The Punjab and Haryana High Court has quashed a Punjab Government clarification that denied travel concession and old age allowance to retired employees facing pending proceedings. Justice Harpreet Singh Brar held that such benefits could not be withheld without legal backing. The court has directed release of dues within six weeks and declared that the order was not limited to the petitioners alone, but extended to all alike.
Allowing a writ petition, Justice Brar set aside the Finance Department’s circular dated December 22, 2022, which stated that retired officials drawing provisional pension would not be entitled to travel concession and old age allowance until exoneration in departmental or judicial proceedings.
The matter was placed before Justice Brar after retired employees of the Punjab State Warehousing Corporation challenged the denial of these benefits despite their entitlement under the applicable pension framework.
Justice Brar made it clear that executive or administrative instructions could not override statutory rules. “It is settled law that executive or administrative instructions do not have the authority to amend or override statutory rules, nor can any such instructions be issued in derogation of the statutory framework. This is for the reason that administrative directions, being non-statutory in character, do not carry the force of law,” Justice Brar ruled.
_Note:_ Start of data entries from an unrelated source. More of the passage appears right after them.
(* Let $g$ be an associative algebra equipped with a nondegenerate symmetric bilinear form $\langle\cdot,\cdot\rangle$ satisfying $\langle u v,w\rangle=\langle u,v w\rangle$. Let $n\ge1$ and $\mathbf{g}=g\oplus\cdots\oplus g$ ($n$ copies) with componentwise multiplication. Let $\mathbf{C},\mathbf{A}$ be linear operators on $\mathbf{g}$ written in components as $(\mathbf{C}(\mathbf{u}))_i=\sum_j C_{ij}(u_j)$, $(\mathbf{A}(\mathbf{u}))_i=\sum_j A_{ij}(u_j)$ with linear operators $C_{ij},A_{ij}$ on $g$. Then Hom$(\mathbf{C},\mathbf{A})$ holds on $\mathbf{g}$ if and only if: (1) Hom$(C_{ij},A_{jj})$ holds for all $1\le i,j\le n$; and (2) for all $1\le i,j,k\le n$ with $j<k$ and all $X,Y\in g$: $[C_{ij}(X),C_{ik}(Y)]=C_{ik}\big([A_{kj}(X),Y]\big)+C_{ij}\big([X,A_{jk}(Y)]\big)$.
   Context: $[X,Y]=XY-YX$ (componentwise in $\mathbf{g}$). For linear operators $S,A$ on an associative algebra, Hom$(S,A)$ means $[S(X),S(Y)]=S\big([A(X),Y]+[X,A(Y)]\big)$ for all $X,Y$. *)

theory Defs
  imports Complex_Main
begin

definition com :: "'a::ring \<Rightarrow> 'a \<Rightarrow> 'a" where
  "com x y = x * y - y * x"

definition assoc_algebra :: "('k::field \<Rightarrow> 'a::ring \<Rightarrow> 'a) \<Rightarrow> bool" where
  "assoc_algebra scale \<longleftrightarrow> vector_space scale \<and>
     (\<forall>c x y. scale c (x * y) = scale c x * y \<and> scale c (x * y) = x * scale c y)"

definition nondeg_sym_invariant_form ::
  "('k::field \<Rightarrow> 'a::ring \<Rightarrow> 'a) \<Rightarrow> ('a \<Rightarrow> 'a \<Rightarrow> 'k) \<Rightarrow> bool" where
  "nondeg_sym_invariant_form scale B \<longleftrightarrow>
     (\<forall>y. Vector_Spaces.linear scale (*) (\<lambda>x. B x y)) \<and>
     (\<forall>x. Vector_Spaces.linear scale (*) (\<lambda>y. B x y)) \<and>
     (\<forall>x y. B x y = B y x) \<and>
     (\<forall>x. (\<forall>y. B x y = 0) \<longrightarrow> x = 0) \<and>
     (\<forall>u v w. B (u * v) w = B u (v * w))"

definition Hom_on :: "'b set \<Rightarrow> ('b \<Rightarrow> 'b \<Rightarrow> 'b) \<Rightarrow> ('b \<Rightarrow> 'b \<Rightarrow> 'b) \<Rightarrow> ('b \<Rightarrow> 'b) \<Rightarrow> ('b \<Rightarrow> 'b) \<Rightarrow> bool" where
  "Hom_on V add br S A \<longleftrightarrow>
     (\<forall>X\<in>V. \<forall>Y\<in>V. br (S X) (S Y) = S (add (br (A X) Y) (br X (A Y))))"

abbreviation Hom :: "('a::ring \<Rightarrow> 'a) \<Rightarrow> ('a \<Rightarrow> 'a) \<Rightarrow> bool" where
  "Hom S A \<equiv> Hom_on UNIV (+) com S A"

text \<open>The direct sum g^n, elements as functions nat => g supported on {..<n}.\<close>
definition gsum :: "nat \<Rightarrow> (nat \<Rightarrow> 'a::zero) set" where
  "gsum n = {u. \<forall>i\<ge>n. u i = 0}"

definition vadd :: "(nat \<Rightarrow> 'a::plus) \<Rightarrow> (nat \<Rightarrow> 'a) \<Rightarrow> nat \<Rightarrow> 'a" where
  "vadd u v = (\<lambda>i. u i + v i)"

definition vcom :: "(nat \<Rightarrow> 'a::ring) \<Rightarrow> (nat \<Rightarrow> 'a) \<Rightarrow> nat \<Rightarrow> 'a" where
  "vcom u v = (\<lambda>i. com (u i) (v i))"

definition block_op :: "nat \<Rightarrow> (nat \<Rightarrow> nat \<Rightarrow> 'a \<Rightarrow> 'a::comm_monoid_add) \<Rightarrow> (nat \<Rightarrow> 'a) \<Rightarrow> nat \<Rightarrow> 'a" where
  "block_op n C u = (\<lambda>i. if i < n then (\<Sum>j<n. C i j (u j)) else 0)"

end

theory Submission
  imports Defs
begin

text \<open>Both sides of Hom(\<open>C\<close>, \<open>A\<close>) are biadditive in the pair of arguments, so it suffices to
  test them on pairs of vectors \<open>\<iota>\<^sub>j X\<close>, \<open>\<iota>\<^sub>k Y\<close> concentrated in single components; the
  \<open>i\<close>-th component of the resulting identity is the \<open>(i, j, k)\<close> block identity. For \<open>j = k\<close>
  it is Hom(\<open>C\<^sub>i\<^sub>j\<close>, \<open>A\<^sub>j\<^sub>j\<close>), and by antisymmetry of the commutator the \<open>(i, k, j)\<close> identity
  is equivalent to the \<open>(i, j, k)\<close> one, so \<open>j < k\<close> suffices.\<close>

lemma additive_if_linear: "Vector_Spaces.linear s1 s2 f \<Longrightarrow> additive f"
  by (simp add: Vector_Spaces.linear_iff additive_def)

lemma com_zero [simp]: "com 0 y = 0" "com x 0 = 0"
  by (simp_all add: com_def)

lemma com_antisym: "com x y = - com y x"
  by (simp add: com_def)

lemma com_sum_left: "com (sum f S) y = (\<Sum>s\<in>S. com (f s) y)"
  by (simp add: com_def sum_distrib_left sum_distrib_right sum_subtractf)

lemma com_sum_right: "com x (sum f S) = (\<Sum>s\<in>S. com x (f s))"
  by (simp add: com_def sum_distrib_left sum_distrib_right sum_subtractf)

definition unit_vec :: "nat \<Rightarrow> 'a::zero \<Rightarrow> nat \<Rightarrow> 'a" where
  "unit_vec j x = (\<lambda>p. if p = j then x else 0)"

lemma unit_vec_in_gsum: "j < n \<Longrightarrow> unit_vec j x \<in> gsum n"
  by (simp add: gsum_def unit_vec_def)

lemma sum_unit_vec:
  assumes "\<And>p. p < n \<Longrightarrow> f p 0 = 0" and "j < n"
  shows "(\<Sum>p<n. f p (unit_vec j x p)) = f j x"
proof -
  have "(\<Sum>p<n. f p (unit_vec j x p)) = (\<Sum>p<n. if p = j then f j x else 0)"
    using assms(1) by (intro sum.cong) (auto simp: unit_vec_def)
  then show ?thesis
    using \<open>j < n\<close> by simp
qed

lemma block_op_unit_vec:
  assumes "\<And>j. j < n \<Longrightarrow> additive (M i j)" and "i < n" "j < n"
  shows "block_op n M (unit_vec j x) i = M i j x"
  using assms by (simp add: block_op_def sum_unit_vec additive.zero)

definition block_Hom_condition ::
  "(nat \<Rightarrow> nat \<Rightarrow> 'a::ring \<Rightarrow> 'a) \<Rightarrow> (nat \<Rightarrow> nat \<Rightarrow> 'a \<Rightarrow> 'a) \<Rightarrow> nat \<Rightarrow> nat \<Rightarrow> nat \<Rightarrow> bool" where
  "block_Hom_condition C A i j k \<longleftrightarrow> (\<forall>X Y.
     com (C i j X) (C i k Y) = C i k (com (A k j X) Y) + C i j (com X (A j k Y)))"

lemma block_Hom_condition_diag:
  assumes "additive (C i j)"
  shows "block_Hom_condition C A i j j \<longleftrightarrow> Hom (C i j) (A j j)"
  unfolding block_Hom_condition_def Hom_on_def by (simp add: additive.add [OF assms])

lemma block_Hom_condition_swap:
  assumes "additive (C i j)" "additive (C i k)"
  shows "block_Hom_condition C A i j k \<longleftrightarrow> block_Hom_condition C A i k j"
proof -
  have swapped: "com (C i j X) (C i k Y) = C i k (com (A k j X) Y) + C i j (com X (A j k Y))
    \<longleftrightarrow> com (C i k Y) (C i j X) = C i j (com (A j k Y) X) + C i k (com Y (A k j X))" for X Y
  proof -
    have "com (C i k Y) (C i j X) = - com (C i j X) (C i k Y)"
      and "C i j (com (A j k Y) X) = - C i j (com X (A j k Y))"
      and "C i k (com Y (A k j X)) = - C i k (com (A k j X) Y)"
      using com_antisym additive.minus [OF assms(1)] additive.minus [OF assms(2)] by metis+
    then show ?thesis
      by (metis add.commute minus_add_distrib neg_equal_iff_equal)
  qed
  show ?thesis
    unfolding block_Hom_condition_def using swapped by blast
qed

lemma block_Hom_condition_if_Hom_on_block_op:
  fixes C A :: "nat \<Rightarrow> nat \<Rightarrow> 'a::ring \<Rightarrow> 'a"
  assumes Hom: "Hom_on (gsum n) vadd vcom (block_op n C) (block_op n A)"
    and addC: "\<And>i j. i < n \<Longrightarrow> j < n \<Longrightarrow> additive (C i j)"
    and addA: "\<And>i j. i < n \<Longrightarrow> j < n \<Longrightarrow> additive (A i j)"
    and "i < n" "j < n" "k < n"
  shows "block_Hom_condition C A i j k"
  unfolding block_Hom_condition_def
proof (intro allI)
  fix X Y :: 'a
  let ?u = "unit_vec j X" and ?v = "unit_vec k Y"
  have "vcom (block_op n C ?u) (block_op n C ?v) i =
      block_op n C (vadd (vcom (block_op n A ?u) ?v) (vcom ?u (block_op n A ?v))) i"
    using Hom unit_vec_in_gsum \<open>j < n\<close> \<open>k < n\<close> unfolding Hom_on_def by metis
  also have "\<dots> = (\<Sum>p<n. C i p (com (block_op n A ?u p) (?v p)) + C i p (com (?u p) (block_op n A ?v p)))"
    unfolding block_op_def [of n C] vadd_def vcom_def using \<open>i < n\<close> addC
    by (auto intro!: sum.cong simp: additive.add)
  also have "\<dots> = (\<Sum>p<n. C i p (com (A p j X) (?v p))) + (\<Sum>p<n. C i p (com (?u p) (A p k Y)))"
    unfolding sum.distrib using assms(4-6) by (simp add: block_op_unit_vec addA)
  also have "\<dots> = C i k (com (A k j X) Y) + C i j (com X (A j k Y))"
    using sum_unit_vec [of n "\<lambda>p y. C i p (com (A p j X) y)" k Y]
      sum_unit_vec [of n "\<lambda>p x. C i p (com x (A p k Y))" j X]
    using assms(4-6) by (simp add: addC additive.zero)
  finally show "com (C i j X) (C i k Y) = C i k (com (A k j X) Y) + C i j (com X (A j k Y))"
    unfolding vcom_def using assms(4-6) by (simp add: block_op_unit_vec addC)
qed

lemma Hom_on_block_op_if_block_Hom_condition:
  fixes C A :: "nat \<Rightarrow> nat \<Rightarrow> 'a::ring \<Rightarrow> 'a"
  assumes cond: "\<And>i j k. i < n \<Longrightarrow> j < n \<Longrightarrow> k < n \<Longrightarrow> block_Hom_condition C A i j k"
    and addC: "\<And>i j. i < n \<Longrightarrow> j < n \<Longrightarrow> additive (C i j)"
  shows "Hom_on V vadd vcom (block_op n C) (block_op n A)"
  unfolding Hom_on_def
proof (intro ballI ext)
  fix X Y :: "nat \<Rightarrow> 'a" and i :: nat
  show "vcom (block_op n C X) (block_op n C Y) i =
      block_op n C (vadd (vcom (block_op n A X) Y) (vcom X (block_op n A Y))) i"
  proof (cases "i < n")
    case False
    then show ?thesis by (simp add: vcom_def block_op_def)
  next
    case True
    have sumC: "C i p (sum f S) = (\<Sum>s\<in>S. C i p (f s))" if "p < n" for p f and S :: "nat set"
      using addC True that by (simp add: additive.sum)
    have "vcom (block_op n C X) (block_op n C Y) i
        = (\<Sum>j<n. \<Sum>k<n. com (C i j (X j)) (C i k (Y k)))"
      using True by (simp add: vcom_def block_op_def com_sum_left com_sum_right) (rule sum.swap)
    also have "\<dots> = (\<Sum>j<n. \<Sum>k<n. C i k (com (A k j (X j)) (Y k)))
        + (\<Sum>j<n. \<Sum>k<n. C i j (com (X j) (A j k (Y k))))"
      using True cond unfolding block_Hom_condition_def sum.distrib [symmetric]
      by (intro sum.cong refl) auto
    also have "(\<Sum>j<n. \<Sum>k<n. C i k (com (A k j (X j)) (Y k)))
        = (\<Sum>k<n. C i k (com (block_op n A X k) (Y k)))"
      by (subst sum.swap) (auto intro!: sum.cong simp: block_op_def sumC com_sum_left)
    also have "(\<Sum>j<n. \<Sum>k<n. C i j (com (X j) (A j k (Y k))))
        = (\<Sum>j<n. C i j (com (X j) (block_op n A Y j)))"
      by (auto intro!: sum.cong simp: block_op_def sumC com_sum_right)
    also have "(\<Sum>k<n. C i k (com (block_op n A X k) (Y k))) + (\<Sum>j<n. C i j (com (X j) (block_op n A Y j)))
        = block_op n C (vadd (vcom (block_op n A X) Y) (vcom X (block_op n A Y))) i"
      using True addC
      by (simp add: block_op_def [of n C] vadd_def vcom_def additive.add sum.distrib [symmetric])
    finally show ?thesis .
  qed
qed

lemma Hom_on_block_op_iff:
  fixes C A :: "nat \<Rightarrow> nat \<Rightarrow> 'a::ring \<Rightarrow> 'a"
  assumes "\<And>i j. i < n \<Longrightarrow> j < n \<Longrightarrow> additive (C i j)"
    and "\<And>i j. i < n \<Longrightarrow> j < n \<Longrightarrow> additive (A i j)"
  shows "Hom_on (gsum n) vadd vcom (block_op n C) (block_op n A) \<longleftrightarrow>
    (\<forall>i<n. \<forall>j<n. \<forall>k<n. block_Hom_condition C A i j k)"
proof
  assume "Hom_on (gsum n) vadd vcom (block_op n C) (block_op n A)"
  then show "\<forall>i<n. \<forall>j<n. \<forall>k<n. block_Hom_condition C A i j k"
    using block_Hom_condition_if_Hom_on_block_op assms by blast
next
  assume "\<forall>i<n. \<forall>j<n. \<forall>k<n. block_Hom_condition C A i j k"
  then show "Hom_on (gsum n) vadd vcom (block_op n C) (block_op n A)"
    using Hom_on_block_op_if_block_Hom_condition assms(1) by blast
qed

lemma block_Hom_condition_all_iff:
  assumes addC: "\<And>i j. i < n \<Longrightarrow> j < n \<Longrightarrow> additive (C i j)"
  shows "(\<forall>i<n. \<forall>j<n. \<forall>k<n. block_Hom_condition C A i j k) \<longleftrightarrow>
    (\<forall>i<n. \<forall>j<n. Hom (C i j) (A j j)) \<and>
    (\<forall>i<n. \<forall>j<n. \<forall>k<n. j < k \<longrightarrow> block_Hom_condition C A i j k)"
    (is "?all \<longleftrightarrow> ?diag \<and> ?upper")
proof
  assume ?all
  then show "?diag \<and> ?upper"
    using block_Hom_condition_diag addC by blast
next
  assume "?diag \<and> ?upper"
  then have diag: ?diag and upper: ?upper
    by blast+
  show ?all
  proof (intro allI impI)
    fix i j k assume "i < n" "j < n" "k < n"
    then have "additive (C i j)" "additive (C i k)"
      using addC by auto
    then show "block_Hom_condition C A i j k"
      using diag upper \<open>i < n\<close> \<open>j < n\<close> \<open>k < n\<close>
        block_Hom_condition_diag [of C i j A] block_Hom_condition_swap [of C i j k A]
      by (cases j k rule: linorder_cases) auto
  qed
qed

theorem proposition4:
  fixes scale :: "'k::field \<Rightarrow> 'a::ring \<Rightarrow> 'a"
    and B :: "'a \<Rightarrow> 'a \<Rightarrow> 'k"
    and n :: nat
    and C A :: "nat \<Rightarrow> nat \<Rightarrow> 'a \<Rightarrow> 'a"
  assumes alg: "assoc_algebra scale"
    and form: "nondeg_sym_invariant_form scale B"
    and n: "n \<ge> 1"
    and linC: "\<And>i j. i < n \<Longrightarrow> j < n \<Longrightarrow> Vector_Spaces.linear scale scale (C i j)"
    and linA: "\<And>i j. i < n \<Longrightarrow> j < n \<Longrightarrow> Vector_Spaces.linear scale scale (A i j)"
  shows "Hom_on (gsum n) vadd vcom (block_op n C) (block_op n A) \<longleftrightarrow>
    ((\<forall>i<n. \<forall>j<n. Hom (C i j) (A j j)) \<and>
     (\<forall>i<n. \<forall>j<n. \<forall>k<n. j < k \<longrightarrow> (\<forall>X Y.
        com (C i j X) (C i k Y) = C i k (com (A k j X) Y) + C i j (com X (A j k Y)))))"
proof -
  have addC: "\<And>i j. i < n \<Longrightarrow> j < n \<Longrightarrow> additive (C i j)"
    using linC additive_if_linear by blast
  have addA: "\<And>i j. i < n \<Longrightarrow> j < n \<Longrightarrow> additive (A i j)"
    using linA additive_if_linear by blast
  show ?thesis
    using Hom_on_block_op_iff [OF addC addA] block_Hom_condition_all_iff [OF addC]
    unfolding block_Hom_condition_def by simp
qed

end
Referring to the Corporation’s Pension & Gratuity Scheme introduced in 1996, Justice Brar asserted that the employees were entitled to pensionary benefits on a par with State government employees, including gratuity, LTC and medical facilities. The Bench added that Punjab Civil Services Rules were applicable to the employees of the respondent-Corporation, including the petitioners, and they were entitled to the benefits flowing from there.
Justice Brar added there were no statutory provisions under the Punjab Civil Services Rules that empowered the employer to withhold payment of old age allowance and traveling concession during the pendency of departmental or judicial proceedings.
“Rather, the power to withhold the benefits was introduced for the first time through the clarification/instructions dated December 22, 2022…. This court is of the considered view that a person cannot be deprived of these retirement benefits without the authority of law, which is the Constitutional mandate enshrined in Article 300A of the Constitution,” Justice Brar added.
The Bench asserted that the denial of post-retirement monetary benefits during the pendency of proceedings was required to be supported by a specific statutory provision. “In the absence of such authority, it would amount to an executive curtailment of an accrued statutory entitlement,” Justice Brar observed.
Before parting, the Bench directed the State and other respondents to release the pending dues of old age allowance and traveling concession to the petitioners and all other identically circumstanced employees within six weeks. “It must be clarified that since the impugned circular/clarification dated December 22, 2022, stands quashed, the present judgement shall be treated as a judgment in rem, intending to give benefit to all similarly situated persons, whether they have approached this Court or not,” Justice Brar concluded.